The measurement of carbon emissions mainly refers to the calculation method of Zhu, Ning (2018) [17], which is obtained by multiplying the discounted amounts of nitrogen and phosphorus fertilizers with their carbon emission factors.

4. Spatial Variation Analysis of Environmental Efficiency of Wheat Cultivation

4.1. Descriptive Statistics of Spatial Variation in Environmental Efficiency of Wheat Cultivation

In this paper, the environmental efficiency measurement results of wheat cultivation in 14 provinces of China from 2014–2018 were selected (see

Table 2. Comparison of environmental efficiency of wheat cultivation by provinces, 2014–2018.

Year	2010	2011	2012	2013	2014	2015	2016	2017	2018	2020	Average/Mean Value
Amur	1	1	1	1	1	1	1	1	1	1	1
Jiangsu	1	1	1	1	1	1	1	1	1	1	1
Inner Mongolia	1	1	1	1	1	1	1	1	1	1	1
Ningxia	1	1	1	1	1	1	1	1	1	1	1
Yunnan	1	1	1	1	1	1	1	1	1	1	1
Xinjiang	1	1	1	0.735	0.718	0.728	0.733	0.770	0.741	0.742	0.817
Hubei	1	0.780	0.756	0.672	0.667	0.631	0.629	0.595	0.451	one	0.718
Gansu	1	0.696	one	0.692	0.661	0.589	0.581	0.666	0.649	0.569	0.710
Shaanxi	1	0.746	0.751	0.601	0.603	0.600	0.598	0.643	0.627	0.604	0.677
Sichuan	1	0.649	one	0.526	0.614	0.638	0.559	0.555	0.560	0.506	0.661
Anhui (Province)	1	0.646	one	0.528	0.542	0.453	0.483	0.560	0.519	0.661	0.639
Shanxi	0.741	0.853	0.771	0.615	0.617	0.544	0.556	0.591	0.553	0.518	0.636
Hebei	0.743	0.686	0.668	0.594	0.595	0.599	0.622	0.649	0.552	0.548	0.626
Henan	one	0.579	0.544	0.417	0.432	one	0.430	0.453	0.420	0.488	0.576
Shandong	0.774	0.520	0.544	0.403	0.443	0.500	0.487	0.471	0.480	0.496	0.512
average/mean value	0.951	0.810	0.869	0.719	0.726	0.752	0.712	0.730	0.703	0.742

). According to the measurement results, the average environmental efficiency value of wheat planting in each province from 2014 to 2018 is 0.8039. Only within the range of data for the years obtained from the measurement, Anhui, Hebei, Shandong, Inner Mongolia, Ningxia, and Xinjiang are above the national average, indicating that these regions are faring better at controlling crop pollution, planting at the forefront of production, environmental management and planting efficiency. The provinces that are all below the average level are Shanxi, Shaanxi, and Gansu; there is more room for improvement in the environmental efficiency of wheat cultivation in these provinces.
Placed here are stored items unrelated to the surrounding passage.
(* In the variables $(y_j,f_j)$ of the polynomial system \[ y_{j,x}=2y_jf_j-\alpha_j,\quad f_{j,x}=u-f_j^2-\lambda_j,\quad y_{j,t}=2u_xy_j-2(u+2\lambda_j)y_{j,x},\quad f_{j,t}=\bigl(u_x-2(u+2\lambda_j)f_j\bigr)_x, \] $u=\frac{x}{6t}+\frac{1}{3t}(y_1+\dots+y_n)$, the following birational maps send solutions with parameters $\alpha$ to solutions with parameters $\tilde\alpha$ (the $\lambda_j$ unchanged): $A_k$: $\tilde y_j=y_j$ for all $j$; $\tilde f_j=f_j$, $\tilde\alpha_j=\alpha_j$ for $j\neq k$; $\tilde f_k=f_k-\frac{\alpha_k}{y_k}$, $\tilde\alpha_k=-\alpha_k$. $B_k$: $\tilde f_j=-f_k-\frac{\lambda_j-\lambda_k}{f_j-f_k}$ ($j\neq k$), $\tilde f_k=-f_k$; $\tilde y_j=\frac{f_j-f_k}{\lambda_j-\lambda_k}\bigl((f_j-f_k)y_j-\alpha_j\bigr)$, $\tilde\alpha_j=\alpha_j$ ($j\neq k$); $\tilde y_k=-y_k+6t(f_k^2+\lambda_k)-x-\sum_{j\neq k}(\tilde y_j+y_j)$, $\tilde\alpha_k=1-\alpha_k$. These maps satisfy $A_k^2=\mathrm{id}$, $A_jA_k=A_kA_j$, $B_k^2=\mathrm{id}$, $B_jB_k=B_kB_j$, $A_jB_k=B_kA_j$ for $j\neq k$.
   Context: $n\ge1$; $\lambda_1,\dots,\lambda_n$ pairwise distinct constants; $\alpha_1,\dots,\alpha_n$ constants; $k\in\{1,\dots,n\}$. Formulas are considered where denominators are nonzero. *)

theory Defs
  imports "HOL-Analysis.Analysis"
begin

text \<open>A point of the phase space: (y, f, alpha), each indexed by j in {1..n}.\<close>
type_synonym st = "(nat \<Rightarrow> complex) \<times> (nat \<Rightarrow> complex) \<times> (nat \<Rightarrow> complex)"

definition px :: "(complex \<Rightarrow> complex \<Rightarrow> complex) \<Rightarrow> complex \<Rightarrow> complex \<Rightarrow> complex" where
  "px g x t = deriv (\<lambda>s. g s t) x"
definition pt :: "(complex \<Rightarrow> complex \<Rightarrow> complex) \<Rightarrow> complex \<Rightarrow> complex \<Rightarrow> complex" where
  "pt g x t = deriv (\<lambda>s. g x s) t"

definition uu :: "nat \<Rightarrow> (nat \<Rightarrow> complex \<Rightarrow> complex \<Rightarrow> complex) \<Rightarrow> complex \<Rightarrow> complex \<Rightarrow> complex" where
  "uu n Y x t = x / (6 * t) + (1 / (3 * t)) * (\<Sum>i\<in>{1..n}. Y i x t)"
In addition, the provinces at 0.7–0.9 show that the overall environmental efficiency of wheat cultivation in China is at a high level.

Horizontally, as can be seen from Figure 1, from 2010 to 2020, the annual average value of environmental efficiency of wheat planting in each province showed a trend of fluctuation and then a gradual decline. 2010 is the starting point of the research period, and it is also the highest point of the annual average value of wheat planting environmental efficiency, which is 0.247 different from the lowest point of 0.703 in 2018. The turning point in the environmental efficiency of wheat planting occurred in 2013. Before 2013 (excluding 2013), the average annual efficiency was always above 0.800, while in the years after 2013, the average environmental efficiency did not exceed 0.760. At the same time, the environmental efficiency of wheat planting decreased from 0.869 in 2012 to 0.719, with a range of 17.28%.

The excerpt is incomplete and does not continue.